Total amount: € 0,00
HOW TO ORDER
MINERVA UROLOGICA E NEFROLOGICA
A Journal on Nephrology and Urology
Indexed/Abstracted in: EMBASE, PubMed/MEDLINE, Science Citation Index Expanded (SciSearch), Scopus
Impact Factor 0,536
ORIGINAL ARTICLES UROLOGY
Minerva Urologica e Nefrologica 2016 June;68(3):242-9
Association between asymptomatic inflammatory prostatitis NIH category IV and prostatic calcification in patients with obstructive benign prostatic hyperplasia
Paul F. ENGELHARDT 1, Stephan SEKLEHNER 1, Herman BRUSTMANN 2, Claus R. RIEDL 1, Lukas LUSUARDI 3 ✉
1 Department of Urology and Andrology, Lower Austria Regional Hospital of Baden-Mödling, Baden, Austria; 2 Department of Pathology, Lower Austria Regional Hospital of Baden-Mödling, Baden, Austria; 3 Department of Urology and Andrology, Paracelsus Medical University, Salzburg, Austria
BACKGROUND: The aim of this study was to evaluate the incidence of prostatic calcification and prostatitis NIH category IV in patients with obstructive BPH.
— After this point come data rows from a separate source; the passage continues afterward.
lemma optimal_costas_even:
  assumes "1 \<le> k"
  defines "q \<equiv> block_perm k k 0 (pi_m k) k (pi_m k \<circ> reverse_perm k)"
  shows "q permutes {1..2 * k}" "distinct (disc_deriv (2 * k) q)"
    "\<forall>x\<in>set (disc_deriv (2 * k) q). \<bar>x\<bar> \<le> int k" "global_var (2 * k) q = int k ^ 2"
    "perm_mat (2 * k) q = costas_matrix (2 * k)"
proof -
  have n: "2 * k = k + k" by simp
  have perm: "pi_m k \<circ> reverse_perm k permutes {1..k}"
    using permutes_compose[OF reverse_perm_permutes pi_m_permutes] .
  show "q permutes {1..2 * k}"
    unfolding q_def n using pi_m_permutes perm by (rule block_perm_permutes) simp
  have "reverse_perm k 1 = k" using assms by (simp add: reverse_perm_def)
  then have dd: "disc_deriv (2 * k) q = map zigzag [1..<k] @ [int k] @ map uminus (rev (map zigzag [1..<k]))"
    unfolding q_def n using assms
    by (simp add: disc_deriv_block_perm disc_deriv_comp_reverse_perm disc_deriv_pi_m)
  show "distinct (disc_deriv (2 * k) q)"
    unfolding dd using inj_zigzag
    by (auto simp: distinct_map inj_on_def zigzag_eq_neg_zigzag_iff) (auto simp: zigzag_def split: if_splits)
  show "\<forall>x\<in>set (disc_deriv (2 * k) q). \<bar>x\<bar> \<le> int k"
    unfolding dd by auto
  have "global_var (2 * k) q = 2 * sum_list (map int [1..<k]) + int k"
    unfolding global_var_def dd by (simp add: comp_def rev_map[symmetric])
  then show "global_var (2 * k) q = int k ^ 2"
    using double_sum_list_upt[of k] by (simp add: power2_eq_square algebra_simps)
  show "perm_mat (2 * k) q = costas_matrix (2 * k)"
    unfolding costas_matrix_even unfolding q_def n Pi_mat_def back_id_mult_perm_mat
    using pi_m_permutes perm by (rule perm_mat_block_diag)
qed

lemma optimal_costas_odd_even_half:
  assumes "even k" "1 \<le> k"
  defines "q \<equiv> block_perm (k + 1) k k (pi_m (k + 1) \<circ> reverse_perm (k + 1)) 0 (pi_m k)"
  shows "q permutes {1..2 * k + 1}" "distinct (disc_deriv (2 * k + 1) q)"
    "\<forall>x\<in>set (disc_deriv (2 * k + 1) q). \<bar>x\<bar> \<le> int (k + 1)"
    "global_var (2 * k + 1) q = int k ^ 2 + int k + 1"
    "perm_mat (2 * k + 1) q = costas_matrix (2 * k + 1)"
proof -
  have n: "2 * k + 1 = (k + 1) + k" by simp
  have perm: "pi_m (k + 1) \<circ> reverse_perm (k + 1) permutes {1..k + 1}"
    using permutes_compose[OF reverse_perm_permutes pi_m_permutes] .
  show "q permutes {1..2 * k + 1}"
    unfolding q_def n using perm pi_m_permutes by (rule block_perm_permutes) simp
  \<comment> \<open>Here the parity of k enters: for odd k the junction step would be -k, which already
    occurs in the first block.  The same holds, with signs reversed, in the odd-half case below.\<close>
  obtain h where h: "k = 2 * h" using assms(1) by blast
  have "pi_m k 1 = h" "pi_m (k + 1) 1 = h + 1"
    using pi_m_first[of k] pi_m_first[of "k + 1"] assms(2) h by simp_all
  moreover have "reverse_perm (k + 1) (k + 1) = 1"
    by (simp add: reverse_perm_def)
  ultimately have junction:
    "int (0 + pi_m k 1) - int (k + (pi_m (k + 1) \<circ> reverse_perm (k + 1)) (k + 1)) = - (int k + 1)"
    using h by simp
  have "disc_deriv (2 * k + 1) q
      = disc_deriv (k + 1) (pi_m (k + 1) \<circ> reverse_perm (k + 1)) @ [- (int k + 1)] @ disc_deriv k (pi_m k)"
    unfolding q_def n disc_deriv_block_perm[OF le_add2 assms(2)] junction by simp
  also have "\<dots> = map uminus (rev (map zigzag [1..<k + 1])) @ [- (int k + 1)] @ map zigzag [1..<k]"
    by (simp only: disc_deriv_comp_reverse_perm disc_deriv_pi_m)
  finally have dd: "disc_deriv (2 * k + 1) q
      = map uminus (rev (map zigzag [1..<k + 1])) @ [- (int k + 1)] @ map zigzag [1..<k]" .
  show "distinct (disc_deriv (2 * k + 1) q)"
    unfolding dd using inj_zigzag
    by (auto simp: distinct_map inj_on_def zigzag_eq_neg_zigzag_iff) (auto simp: zigzag_def split: if_splits)
  show "\<forall>x\<in>set (disc_deriv (2 * k + 1) q). \<bar>x\<bar> \<le> int (k + 1)"
    unfolding dd by auto
  have "global_var (2 * k + 1) q = sum_list (map int [1..<k + 1]) + (int k + 1) + sum_list (map int [1..<k])"
    unfolding global_var_def dd by (simp add: comp_def rev_map[symmetric])
  then show "global_var (2 * k + 1) q = int k ^ 2 + int k + 1"
    using double_sum_list_upt[of k] double_sum_list_upt[of "k + 1"]
    by (simp add: power2_eq_square algebra_simps)
  show "perm_mat (2 * k + 1) q = costas_matrix (2 * k + 1)"
    unfolding costas_matrix_odd_even_half[OF assms(1)]
    unfolding q_def n Pi_mat_def back_id_mult_perm_mat using perm pi_m_permutes
    by (rule perm_mat_block_antidiag)
qed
METHODS: Ninety-six patients with obstructive BPH who had undergone transurethral electroresection of the prostate gland were evaluated. In accordance with a preoperative transrectal ultrasound examination, patients were divided into one group with prostatic calcification (N.=31) and one without (N.=65). Prostatitis NIH category IV was classified according to the grading system by Irani. Correlations between the incidence of prostatic calcification, histological prostatitis, PSA, uric acid, cholesterol, triglycerides, CRP, IPSS, IIEF-25, and NIC-CPSI were analyzed. A stone analysis of prostatic calcification was performed using X-ray powder diffraction.
RESULTS: Sixty-nine (71.9%) patients had NIH category IV prostatitis, accounting for 83.9% of those with prostatic calcification versus 66.1% of those without (P<0.04). Significant correlations were found between prostatic calcification and the severity of inflammation (P<0.02) as well as the NIH-CPSI subdomain of urinary symptoms (P<0.02). The only predictor for prostatic calcifications were elevated levels of uric acid. Such patients were 1.4times more likely of having calcifications in the prostate gland (OR=1.4, P<0.047). Stone analysis revealed the following: apatite in 41.7%, whewellite in 29.2%, weddellite and brushite in 8.7% each, whitlockite, apatite/whewellite and organic substances in 4.2%.
CONCLUSIONS: On ultrasound examination, one third of patients who were treated with TURP for obstructive BPH had prostatic calcification. These were significantly more common in patients with NIH category IV prostatitis.